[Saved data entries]
----------
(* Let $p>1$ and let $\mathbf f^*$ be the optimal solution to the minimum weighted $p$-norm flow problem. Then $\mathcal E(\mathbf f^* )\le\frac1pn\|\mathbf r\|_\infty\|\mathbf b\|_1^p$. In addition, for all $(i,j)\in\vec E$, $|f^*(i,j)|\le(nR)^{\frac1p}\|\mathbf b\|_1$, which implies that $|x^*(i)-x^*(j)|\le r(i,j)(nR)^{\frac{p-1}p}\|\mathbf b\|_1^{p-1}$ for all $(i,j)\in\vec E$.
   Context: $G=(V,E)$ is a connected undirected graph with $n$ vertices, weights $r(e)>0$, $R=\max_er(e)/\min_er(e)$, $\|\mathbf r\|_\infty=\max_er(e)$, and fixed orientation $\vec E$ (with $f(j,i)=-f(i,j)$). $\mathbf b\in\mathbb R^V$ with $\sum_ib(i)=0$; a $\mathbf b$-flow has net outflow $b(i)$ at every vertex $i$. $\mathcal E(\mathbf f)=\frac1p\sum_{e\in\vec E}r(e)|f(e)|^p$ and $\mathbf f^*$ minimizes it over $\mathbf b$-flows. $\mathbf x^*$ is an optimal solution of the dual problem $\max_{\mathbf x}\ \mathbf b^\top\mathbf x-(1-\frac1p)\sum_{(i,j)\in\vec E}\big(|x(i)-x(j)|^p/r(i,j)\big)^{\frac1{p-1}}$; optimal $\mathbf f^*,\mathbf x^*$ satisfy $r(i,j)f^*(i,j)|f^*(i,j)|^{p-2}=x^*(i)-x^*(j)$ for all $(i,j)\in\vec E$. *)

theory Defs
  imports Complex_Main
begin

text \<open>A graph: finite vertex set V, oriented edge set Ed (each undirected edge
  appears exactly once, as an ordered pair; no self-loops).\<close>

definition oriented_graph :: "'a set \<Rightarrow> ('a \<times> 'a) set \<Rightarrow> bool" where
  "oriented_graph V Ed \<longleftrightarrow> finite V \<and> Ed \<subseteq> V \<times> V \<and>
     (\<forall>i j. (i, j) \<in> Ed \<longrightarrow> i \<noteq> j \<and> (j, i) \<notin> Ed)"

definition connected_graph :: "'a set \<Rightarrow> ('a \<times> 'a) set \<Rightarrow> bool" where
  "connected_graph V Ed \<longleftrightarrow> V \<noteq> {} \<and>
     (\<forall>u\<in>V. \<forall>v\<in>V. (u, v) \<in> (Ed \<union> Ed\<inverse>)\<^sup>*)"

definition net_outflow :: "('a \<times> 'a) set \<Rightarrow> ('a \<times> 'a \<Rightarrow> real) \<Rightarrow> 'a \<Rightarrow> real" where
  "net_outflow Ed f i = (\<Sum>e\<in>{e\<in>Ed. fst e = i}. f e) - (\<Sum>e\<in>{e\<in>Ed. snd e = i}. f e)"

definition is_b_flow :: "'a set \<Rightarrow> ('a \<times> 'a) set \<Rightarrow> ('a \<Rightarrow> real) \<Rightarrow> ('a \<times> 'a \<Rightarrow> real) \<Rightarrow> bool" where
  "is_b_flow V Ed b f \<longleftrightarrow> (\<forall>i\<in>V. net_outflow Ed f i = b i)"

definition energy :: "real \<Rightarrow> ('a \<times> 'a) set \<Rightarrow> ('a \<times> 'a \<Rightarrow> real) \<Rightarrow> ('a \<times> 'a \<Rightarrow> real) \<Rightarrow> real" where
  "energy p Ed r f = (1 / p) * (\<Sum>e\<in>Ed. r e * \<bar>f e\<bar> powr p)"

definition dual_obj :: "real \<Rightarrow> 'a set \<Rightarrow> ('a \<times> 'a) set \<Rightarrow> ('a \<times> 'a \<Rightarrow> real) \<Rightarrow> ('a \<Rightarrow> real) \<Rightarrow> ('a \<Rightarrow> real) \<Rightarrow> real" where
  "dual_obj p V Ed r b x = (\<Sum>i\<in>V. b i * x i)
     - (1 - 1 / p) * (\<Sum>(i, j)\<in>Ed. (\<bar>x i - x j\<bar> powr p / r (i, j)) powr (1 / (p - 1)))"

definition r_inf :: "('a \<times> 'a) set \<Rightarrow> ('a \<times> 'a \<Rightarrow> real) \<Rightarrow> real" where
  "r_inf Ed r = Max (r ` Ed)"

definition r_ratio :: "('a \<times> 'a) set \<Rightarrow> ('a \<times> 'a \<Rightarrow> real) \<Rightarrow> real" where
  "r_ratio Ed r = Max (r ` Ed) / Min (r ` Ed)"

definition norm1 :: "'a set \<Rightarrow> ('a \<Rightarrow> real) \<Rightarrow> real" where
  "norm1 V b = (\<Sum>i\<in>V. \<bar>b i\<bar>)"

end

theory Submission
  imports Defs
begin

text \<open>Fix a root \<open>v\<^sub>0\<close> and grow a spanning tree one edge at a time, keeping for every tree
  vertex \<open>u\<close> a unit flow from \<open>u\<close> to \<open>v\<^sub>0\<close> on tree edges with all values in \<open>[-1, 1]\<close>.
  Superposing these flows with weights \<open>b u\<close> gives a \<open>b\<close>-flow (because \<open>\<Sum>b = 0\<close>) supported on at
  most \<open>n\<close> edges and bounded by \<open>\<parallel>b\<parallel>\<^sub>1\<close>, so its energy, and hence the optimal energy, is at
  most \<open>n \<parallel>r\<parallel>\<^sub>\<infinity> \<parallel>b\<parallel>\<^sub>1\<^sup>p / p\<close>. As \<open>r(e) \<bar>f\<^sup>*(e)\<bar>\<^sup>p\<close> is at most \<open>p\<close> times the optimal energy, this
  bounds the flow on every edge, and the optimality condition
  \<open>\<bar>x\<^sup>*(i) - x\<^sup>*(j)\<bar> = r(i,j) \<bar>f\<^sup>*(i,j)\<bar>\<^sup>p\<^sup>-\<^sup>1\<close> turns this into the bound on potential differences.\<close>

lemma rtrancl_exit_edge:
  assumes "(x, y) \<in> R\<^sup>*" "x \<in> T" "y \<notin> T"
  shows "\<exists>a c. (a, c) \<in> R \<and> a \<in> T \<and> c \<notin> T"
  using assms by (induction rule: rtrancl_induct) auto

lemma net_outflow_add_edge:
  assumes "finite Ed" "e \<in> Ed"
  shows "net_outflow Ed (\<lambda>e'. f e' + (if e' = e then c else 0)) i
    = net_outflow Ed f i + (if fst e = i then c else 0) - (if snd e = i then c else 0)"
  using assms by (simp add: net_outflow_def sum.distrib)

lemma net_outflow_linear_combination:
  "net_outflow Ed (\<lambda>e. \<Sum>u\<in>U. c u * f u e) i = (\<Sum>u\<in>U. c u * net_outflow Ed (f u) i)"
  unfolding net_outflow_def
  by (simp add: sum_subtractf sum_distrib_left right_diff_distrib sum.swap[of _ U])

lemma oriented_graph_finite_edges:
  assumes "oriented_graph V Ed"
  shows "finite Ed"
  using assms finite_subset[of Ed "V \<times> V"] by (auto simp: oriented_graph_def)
----------
*TASK PROMPT*. The lines above starting at the one that contains "c. (a, c) \<in>" and ending at the one that contains "using assms by (simp" must be transcribed exactly, and no other lines may appear.

*TASK RESPONSE*.
  shows "\<exists>a c. (a, c) \<in> R \<and> a \<in> T \<and> c \<notin> T"
  using assms by (induction rule: rtrancl_induct) auto

lemma net_outflow_add_edge:
  assumes "finite Ed" "e \<in> Ed"
  shows "net_outflow Ed (\<lambda>e'. f e' + (if e' = e then c else 0)) i
    = net_outflow Ed f i + (if fst e = i then c else 0) - (if snd e = i then c else 0)"
  using assms by (simp add: net_outflow_def sum.distrib)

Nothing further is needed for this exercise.